• **Goal of the exercise**: Retype, exactly as they appear below, the lines between the line holding "v \<noteq> z" and the line holding "- measure_pmf.expectation (p", both ends included.

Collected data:
= = = = =

lemma (in vector_space) span_reflected_combinations:
  assumes "c \<noteq> 0" and "g 0 = 0"
    and f_reflect: "\<And>i. i \<le> n \<Longrightarrow> f (n - i) = f i"
    and g_reflect: "\<And>i. i < n \<Longrightarrow> g (n - i) = g (Suc i)"
  shows "span ((\<lambda>i. f i + c *s g i) ` {..n}) = span (f ` {..n} \<union> g ` {..n})"
proof -
  let ?h = "\<lambda>i. f i + c *s g i"
  have h_in: "?h i \<in> span (?h ` {..n})" if "i \<le> n" for i
    using that by (intro span_base) simp
  have g_in: "g i \<in> span (?h ` {..n})" if "i \<le> n" for i
    using that
  proof (induction i)
    case 0
    show ?case by (simp add: \<open>g 0 = 0\<close> span_zero)
  next
    case (Suc i)
    then have "i < n" by simp
    have "?h (n - i) - ?h i = c *s (g (Suc i) - g i)"
      using f_reflect[of i] g_reflect[OF \<open>i < n\<close>] \<open>i < n\<close> by (simp add: algebra_simps)
    then have "g (Suc i) = g i + inverse c *s (?h (n - i) - ?h i)"
      using \<open>c \<noteq> 0\<close> by simp
    then show ?case
      using Suc \<open>i < n\<close> h_in by (simp add: span_add span_scale span_diff)
  qed
  have f_in: "f i \<in> span (?h ` {..n})" if "i \<le> n" for i
  proof -
    have "f i = ?h i - c *s g i" by simp
    then show ?thesis
      using that h_in g_in by (metis span_diff span_scale)
  qed
  have "?h ` {..n} \<subseteq> span (f ` {..n} \<union> g ` {..n})"
    by (auto intro!: span_add span_scale intro: span_base)
  with f_in g_in show ?thesis
    unfolding span_eq by auto
qed

lemma setcompr_add_eq_image: "{F i j | i j. i + j = (n::nat)} = (\<lambda>i. F i (n - i)) ` {..n}"
  by (auto simp: image_iff) (metis add_diff_cancel_left' atMost_iff le_add1, metis le_add_diff_inverse)
lemma Hoeffdings_lemma_finite_pmf_oscillation:
  fixes X :: "'a \<Rightarrow> real"
  assumes fin: "finite (set_pmf M)" and "l > 0"
    and osc: "\<And>x x'. x \<in> set_pmf M \<Longrightarrow> x' \<in> set_pmf M \<Longrightarrow> X x - X x' \<le> c"
  shows "measure_pmf.expectation M (\<lambda>x. exp (l * (X x - measure_pmf.expectation M X)))
           \<le> exp (l\<^sup>2 * c\<^sup>2 / 8)"
proof -
  define a where "a = Min (X ` set_pmf M)"
  have "a \<in> X ` set_pmf M"
    unfolding a_def using fin by (intro Min_in) (auto simp: set_pmf_not_empty)
  then obtain x0 where x0: "x0 \<in> set_pmf M" "X x0 = a" by auto
  have "X x \<in> {a..a + c}" if "x \<in> set_pmf M" for x
    using that fin osc[OF that x0(1)] x0(2) by (auto simp: a_def)
  from Hoeffdings_lemma_finite_pmf[OF fin \<open>l > 0\<close> this] show ?thesis by simp
qed

definition bounded_differences ::
  "('a \<Rightarrow> 'b) set \<Rightarrow> 'a set \<Rightarrow> (('a \<Rightarrow> 'b) \<Rightarrow> real) \<Rightarrow> ('a \<Rightarrow> real) \<Rightarrow> bool" where
  "bounded_differences S A f c \<longleftrightarrow>
     (\<forall>s\<in>S. \<forall>s'\<in>S. \<forall>x\<in>A. (\<forall>z. z \<noteq> x \<longrightarrow> s z = s' z) \<longrightarrow> f s - f s' \<le> c x)"

lemma fun_upd_in_set_Pi_pmf_insert:
  assumes "finite A" "x \<notin> A" "g \<in> set_pmf (Pi_pmf A d p)" "y \<in> set_pmf (p x)"
  shows "g(x := y) \<in> set_pmf (Pi_pmf (insert x A) d p)"
  using assms by (subst Pi_pmf_insert) force+

lemma expectation_Pi_pmf_insert:
  fixes F :: "('a \<Rightarrow> 'b) \<Rightarrow> real"
  assumes "finite A" "x \<notin> A" "finite (set_pmf (p x))" "finite (set_pmf (Pi_pmf A d p))"
  shows "measure_pmf.expectation (Pi_pmf (insert x A) d p) F
       = measure_pmf.expectation (Pi_pmf A d p)
           (\<lambda>g. measure_pmf.expectation (p x) (\<lambda>y. F (g(x := y))))"
  unfolding Pi_pmf_insert[OF assms(1,2)] integral_map_pmf
  by (simp add: expectation_pair_pmf_finite[OF assms(3,4)]
      expectation_finite_pmf_swap[OF assms(3,4)] case_prod_beta)

lemma bounded_differences_average_coordinate:
  fixes f :: "('a \<Rightarrow> 'b) \<Rightarrow> real"
  assumes "finite A" "x \<notin> A" "finite (set_pmf (p x))"
    and bd: "bounded_differences (set_pmf (Pi_pmf (insert x A) d p)) (insert x A) f c"
  shows "bounded_differences (set_pmf (Pi_pmf A d p)) A
           (\<lambda>g. measure_pmf.expectation (p x) (\<lambda>y. f (g(x := y)))) c"
  unfolding bounded_differences_def
proof (intro ballI impI)
  fix g g' z
  assume g: "g \<in> set_pmf (Pi_pmf A d p)" and g': "g' \<in> set_pmf (Pi_pmf A d p)" and "z \<in> A"
    and eq: "\<forall>v. v \<noteq> z \<longrightarrow> g v = g' v"
  have "f (g(x := y)) - f (g'(x := y)) \<le> c z" if "y \<in> set_pmf (p x)" for y
    using bd \<open>z \<in> A\<close> eq fun_upd_in_set_Pi_pmf_insert[OF assms(1,2) g that]
      fun_upd_in_set_Pi_pmf_insert[OF assms(1,2) g' that]
    unfolding bounded_differences_def by auto
  then have "measure_pmf.expectation (p x) (\<lambda>y. f (g(x := y)) - f (g'(x := y)))
      \<le> measure_pmf.expectation (p x) (\<lambda>_. c z)"
    by (intro expectation_finite_pmf_mono[OF assms(3)])
  then show "measure_pmf.expectation (p x) (\<lambda>y. f (g(x := y)))
      - measure_pmf.expectation (p x) (\<lambda>y. f (g'(x := y))) \<le> c z"
    by (simp add: Bochner_Integration.integral_diff integrable_measure_pmf_finite[OF assms(3)])
qed
(* Assume (S). There is a constant $c_0>0$ depending only on $m$, $L$ and $\sigma_{max}:=1+\max_{\bar D\times[-H-1,-H]}\sigma$ such that for every $u\in\bar S_0$ and every $\delta\in(0,1)$, $$\int_{\Omega_\delta(u)}\sigma_\delta|\nabla h_{u,\delta}|^2\,d(x,z)\le c_0\big(1+\|u\|_{L_2(D)}^2+\|\partial_xu\|_{L_2(D)}^2\big).$$
   Context: Standing setting (S): $L>0$, $D=(-L,L)$, $H>0$, $\mathcal R_\delta=D\times(-H-\delta,-H)$; for $u:\bar D\to[-H,\infty)$, $\Omega(u)=\{(x,z): x\in D,\ -H<z<u(x)\}$, $\Omega_\delta(u)=\{(x,z): x\in D,\ -H-\delta<z<u(x)\}$. $\bar S_0=\{u\in H^2(D): u(\pm L)=\partial_xu(\pm L)=0,\ u\ge -H\}$. $\sigma\in C^2(\bar D\times[-H-1,-H])$, $\sigma>0$; $\sigma_\delta=\delta\sigma$ on $\mathcal R_\delta$, $\sigma_\delta=1$ on $D\times(-H,\infty)$. $h_b\in C^2(\bar D\times[-H-1,-H]\times[-H,\infty))$, $h\in C^2(\bar D\times[-H,\infty)\times[-H,\infty))$ with $h_b(x,-H,w)=h(x,-H,w)$, $\sigma(x,-H)\partial_zh_b(x,-H,w)=\partial_zh(x,-H,w)$, $\partial_wh_b(x,-H-1,w)=0$, and for some $m>0$: $|\partial_xh_b|+|\partial_zh_b|\le\sqrt{m(1+w^2)}$, $|\partial_wh_b|\le\sqrt m$; $|\partial_xh|+|\partial_zh|\le\sqrt{m(1+w^2)/(H+w)}$, $|\partial_wh|\le\sqrt{m/(H+w)}$; and for some $K>0$: $|\partial_xh(x,w,w)|+|\partial_zh(x,w,w)+\partial_wh(x,w,w)|\le K$. $h_\delta(x,z,w)=h_b(x,-H+(z+H)/\delta,w)$ for $z\in[-H-\delta,-H)$, $=h(x,z,w)$ for $z\ge-H$; $h_{u,\delta}(x,z)=h_\delta(x,z,u(x))$. *)

theory Defs
  imports "HOL-Analysis.Analysis"
begin

definition pd :: "('a::euclidean_space \<Rightarrow> real) \<Rightarrow> 'a \<Rightarrow> 'a \<Rightarrow> real" where
  "pd f v p = deriv (\<lambda>t. f (p + t *\<^sub>R v)) 0"

definition C2_on :: "'a::euclidean_space set \<Rightarrow> ('a \<Rightarrow> real) \<Rightarrow> bool" where
  "C2_on S f \<longleftrightarrow> (\<exists>U. open U \<and> S \<subseteq> U \<and>
     (\<forall>v\<in>Basis.
        (\<forall>p\<in>U. (\<lambda>t. f (p + t *\<^sub>R v)) differentiable (at 0)) \<and>
        continuous_on U (pd f v) \<and>
        (\<forall>w\<in>Basis.
           (\<forall>p\<in>U. (\<lambda>t. pd f v (p + t *\<^sub>R w)) differentiable (at 0)) \<and>
           continuous_on U (pd (pd f v) w))))"

(* H^2(a,b), via its standard characterization on a bounded interval:
   u is C^1 on [a,b] with derivative u', and u' is absolutely continuous with u'' = g in L^2(a,b). *)
definition S0bar :: "real \<Rightarrow> real \<Rightarrow> (real \<Rightarrow> real) \<Rightarrow> bool" where
  "S0bar L H u \<longleftrightarrow> (\<exists>u' g.
      (\<forall>x\<in>{-L..L}. (u has_real_derivative u' x) (at x within {-L..L})) \<and>
      g \<in> borel_measurable lborel \<and>
      set_integrable lborel {-L..L} (\<lambda>x. (g x)\<^sup>2) \<and>
      (\<forall>x\<in>{-L..L}. u' x = u' (-L) + (LBINT t=-L..x. g t)) \<and>
      u (-L) = 0 \<and> u L = 0 \<and> u' (-L) = 0 \<and> u' L = 0 \<and>
      (\<forall>x\<in>{-L..L}. u x \<ge> -H))"

definition Omega_delta :: "real \<Rightarrow> real \<Rightarrow> real \<Rightarrow> (real \<Rightarrow> real) \<Rightarrow> (real \<times> real) set" where
  "Omega_delta L H \<delta> u = {(x, z). -L < x \<and> x < L \<and> -H - \<delta> < z \<and> z < u x}"

definition sigma_delta :: "real \<Rightarrow> real \<Rightarrow> (real \<times> real \<Rightarrow> real) \<Rightarrow> real \<times> real \<Rightarrow> real" where
  "sigma_delta H \<delta> \<sigma> p = (if snd p < -H then \<delta> * \<sigma> p else 1)"

definition h_delta :: "real \<Rightarrow> real \<Rightarrow> (real \<times> real \<times> real \<Rightarrow> real) \<Rightarrow> (real \<times> real \<times> real \<Rightarrow> real)
    \<Rightarrow> real \<Rightarrow> real \<Rightarrow> real \<Rightarrow> real" where
  "h_delta H \<delta> hb h x z w = (if z < -H then hb (x, -H + (z + H) / \<delta>, w) else h (x, z, w))"

definition grad_sq :: "((real \<times> real) \<Rightarrow> real) \<Rightarrow> real \<times> real \<Rightarrow> real" where
  "grad_sq F p = (frechet_derivative F (at p) (1, 0))\<^sup>2 + (frechet_derivative F (at p) (0, 1))\<^sup>2"

end

theory Submission
  imports Defs
begin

= = = = =

• **Completed exercise**:
    and eq: "\<forall>v. v \<noteq> z \<longrightarrow> g v = g' v"
  have "f (g(x := y)) - f (g'(x := y)) \<le> c z" if "y \<in> set_pmf (p x)" for y
    using bd \<open>z \<in> A\<close> eq fun_upd_in_set_Pi_pmf_insert[OF assms(1,2) g that]
      fun_upd_in_set_Pi_pmf_insert[OF assms(1,2) g' that]
    unfolding bounded_differences_def by auto
  then have "measure_pmf.expectation (p x) (\<lambda>y. f (g(x := y)) - f (g'(x := y)))
      \<le> measure_pmf.expectation (p x) (\<lambda>_. c z)"
    by (intro expectation_finite_pmf_mono[OF assms(3)])
  then show "measure_pmf.expectation (p x) (\<lambda>y. f (g(x := y)))
      - measure_pmf.expectation (p x) (\<lambda>y. f (g'(x := y))) \<le> c z"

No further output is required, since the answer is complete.